BEGIN

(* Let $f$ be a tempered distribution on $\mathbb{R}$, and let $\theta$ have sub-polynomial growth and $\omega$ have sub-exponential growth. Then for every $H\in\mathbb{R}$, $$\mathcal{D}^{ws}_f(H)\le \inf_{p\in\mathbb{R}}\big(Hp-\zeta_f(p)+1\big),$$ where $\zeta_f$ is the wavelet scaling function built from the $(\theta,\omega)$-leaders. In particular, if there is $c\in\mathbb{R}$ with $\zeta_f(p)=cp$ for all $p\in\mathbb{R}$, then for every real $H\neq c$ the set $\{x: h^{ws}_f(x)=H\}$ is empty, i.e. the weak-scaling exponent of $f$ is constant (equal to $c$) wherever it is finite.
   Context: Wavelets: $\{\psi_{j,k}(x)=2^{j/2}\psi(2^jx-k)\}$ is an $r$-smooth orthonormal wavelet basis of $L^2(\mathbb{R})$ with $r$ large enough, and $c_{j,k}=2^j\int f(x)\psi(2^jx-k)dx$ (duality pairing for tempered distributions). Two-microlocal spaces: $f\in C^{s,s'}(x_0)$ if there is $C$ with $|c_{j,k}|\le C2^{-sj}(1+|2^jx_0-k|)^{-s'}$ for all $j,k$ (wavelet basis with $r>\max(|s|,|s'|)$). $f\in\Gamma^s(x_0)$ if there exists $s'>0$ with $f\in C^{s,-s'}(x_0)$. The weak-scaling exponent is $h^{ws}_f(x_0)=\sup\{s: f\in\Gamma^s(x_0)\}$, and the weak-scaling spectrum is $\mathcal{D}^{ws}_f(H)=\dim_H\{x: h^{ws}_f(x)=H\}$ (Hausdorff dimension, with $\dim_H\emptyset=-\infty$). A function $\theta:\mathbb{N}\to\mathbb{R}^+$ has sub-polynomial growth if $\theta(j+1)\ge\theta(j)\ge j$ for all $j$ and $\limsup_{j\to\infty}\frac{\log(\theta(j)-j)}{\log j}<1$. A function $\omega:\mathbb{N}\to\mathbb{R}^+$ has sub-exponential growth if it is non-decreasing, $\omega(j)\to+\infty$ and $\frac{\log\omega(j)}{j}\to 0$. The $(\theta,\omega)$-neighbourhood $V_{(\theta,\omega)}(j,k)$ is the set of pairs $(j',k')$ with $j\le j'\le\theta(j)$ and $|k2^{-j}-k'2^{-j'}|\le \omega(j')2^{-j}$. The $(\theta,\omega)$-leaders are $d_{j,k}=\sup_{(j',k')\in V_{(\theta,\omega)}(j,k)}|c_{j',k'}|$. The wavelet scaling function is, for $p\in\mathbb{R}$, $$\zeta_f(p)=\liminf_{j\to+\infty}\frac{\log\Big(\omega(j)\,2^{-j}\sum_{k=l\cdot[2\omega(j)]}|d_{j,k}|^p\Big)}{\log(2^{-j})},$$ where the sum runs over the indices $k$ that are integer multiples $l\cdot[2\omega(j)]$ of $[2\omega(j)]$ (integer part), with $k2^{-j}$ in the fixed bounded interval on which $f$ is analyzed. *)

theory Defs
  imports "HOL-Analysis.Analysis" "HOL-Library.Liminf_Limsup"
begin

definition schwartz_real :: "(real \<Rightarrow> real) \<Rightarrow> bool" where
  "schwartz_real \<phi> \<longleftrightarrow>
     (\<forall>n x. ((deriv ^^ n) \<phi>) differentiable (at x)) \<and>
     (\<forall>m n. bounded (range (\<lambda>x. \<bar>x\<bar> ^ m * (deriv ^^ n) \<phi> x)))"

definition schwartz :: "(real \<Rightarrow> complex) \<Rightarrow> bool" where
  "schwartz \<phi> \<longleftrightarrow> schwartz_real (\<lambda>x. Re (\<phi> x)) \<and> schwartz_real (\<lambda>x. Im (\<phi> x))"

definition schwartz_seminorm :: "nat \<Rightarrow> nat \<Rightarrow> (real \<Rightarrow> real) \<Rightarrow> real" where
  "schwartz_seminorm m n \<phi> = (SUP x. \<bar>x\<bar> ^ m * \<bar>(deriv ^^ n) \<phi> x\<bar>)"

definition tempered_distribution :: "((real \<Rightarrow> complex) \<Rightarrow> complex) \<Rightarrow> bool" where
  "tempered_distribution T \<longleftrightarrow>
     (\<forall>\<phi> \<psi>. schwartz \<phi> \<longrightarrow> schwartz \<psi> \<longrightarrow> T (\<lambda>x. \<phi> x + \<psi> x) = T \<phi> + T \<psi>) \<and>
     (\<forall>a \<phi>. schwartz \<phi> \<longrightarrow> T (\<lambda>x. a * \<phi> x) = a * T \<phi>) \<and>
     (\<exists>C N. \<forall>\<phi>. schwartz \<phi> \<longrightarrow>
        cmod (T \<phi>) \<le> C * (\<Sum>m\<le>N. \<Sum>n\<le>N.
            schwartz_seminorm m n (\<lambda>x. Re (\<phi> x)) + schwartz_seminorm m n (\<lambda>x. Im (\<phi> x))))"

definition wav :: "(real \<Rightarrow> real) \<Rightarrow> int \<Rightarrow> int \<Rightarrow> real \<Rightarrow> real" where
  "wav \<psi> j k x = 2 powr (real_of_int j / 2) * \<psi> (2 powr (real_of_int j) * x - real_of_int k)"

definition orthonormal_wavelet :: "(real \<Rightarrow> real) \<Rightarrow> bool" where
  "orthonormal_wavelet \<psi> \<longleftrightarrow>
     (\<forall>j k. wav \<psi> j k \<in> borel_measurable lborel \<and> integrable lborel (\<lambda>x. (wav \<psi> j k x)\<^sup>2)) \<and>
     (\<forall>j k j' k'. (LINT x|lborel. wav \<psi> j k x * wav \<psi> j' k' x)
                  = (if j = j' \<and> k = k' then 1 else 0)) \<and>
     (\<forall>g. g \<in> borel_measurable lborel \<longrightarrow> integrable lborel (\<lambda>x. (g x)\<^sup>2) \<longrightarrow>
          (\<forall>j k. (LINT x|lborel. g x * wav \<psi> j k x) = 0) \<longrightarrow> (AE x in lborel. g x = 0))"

END

*YOUR GOAL*: Go through the entries above and report each line with the string "longleftrightarrow" in it.

*YOUR SOLUTION*:
  "schwartz_real \<phi> \<longleftrightarrow>
  "schwartz \<phi> \<longleftrightarrow> schwartz_real (\<lambda>x. Re (\<phi> x)) \<and> schwartz_real (\<lambda>x. Im (\<phi> x))"
  "tempered_distribution T \<longleftrightarrow>
  "orthonormal_wavelet \<psi> \<longleftrightarrow>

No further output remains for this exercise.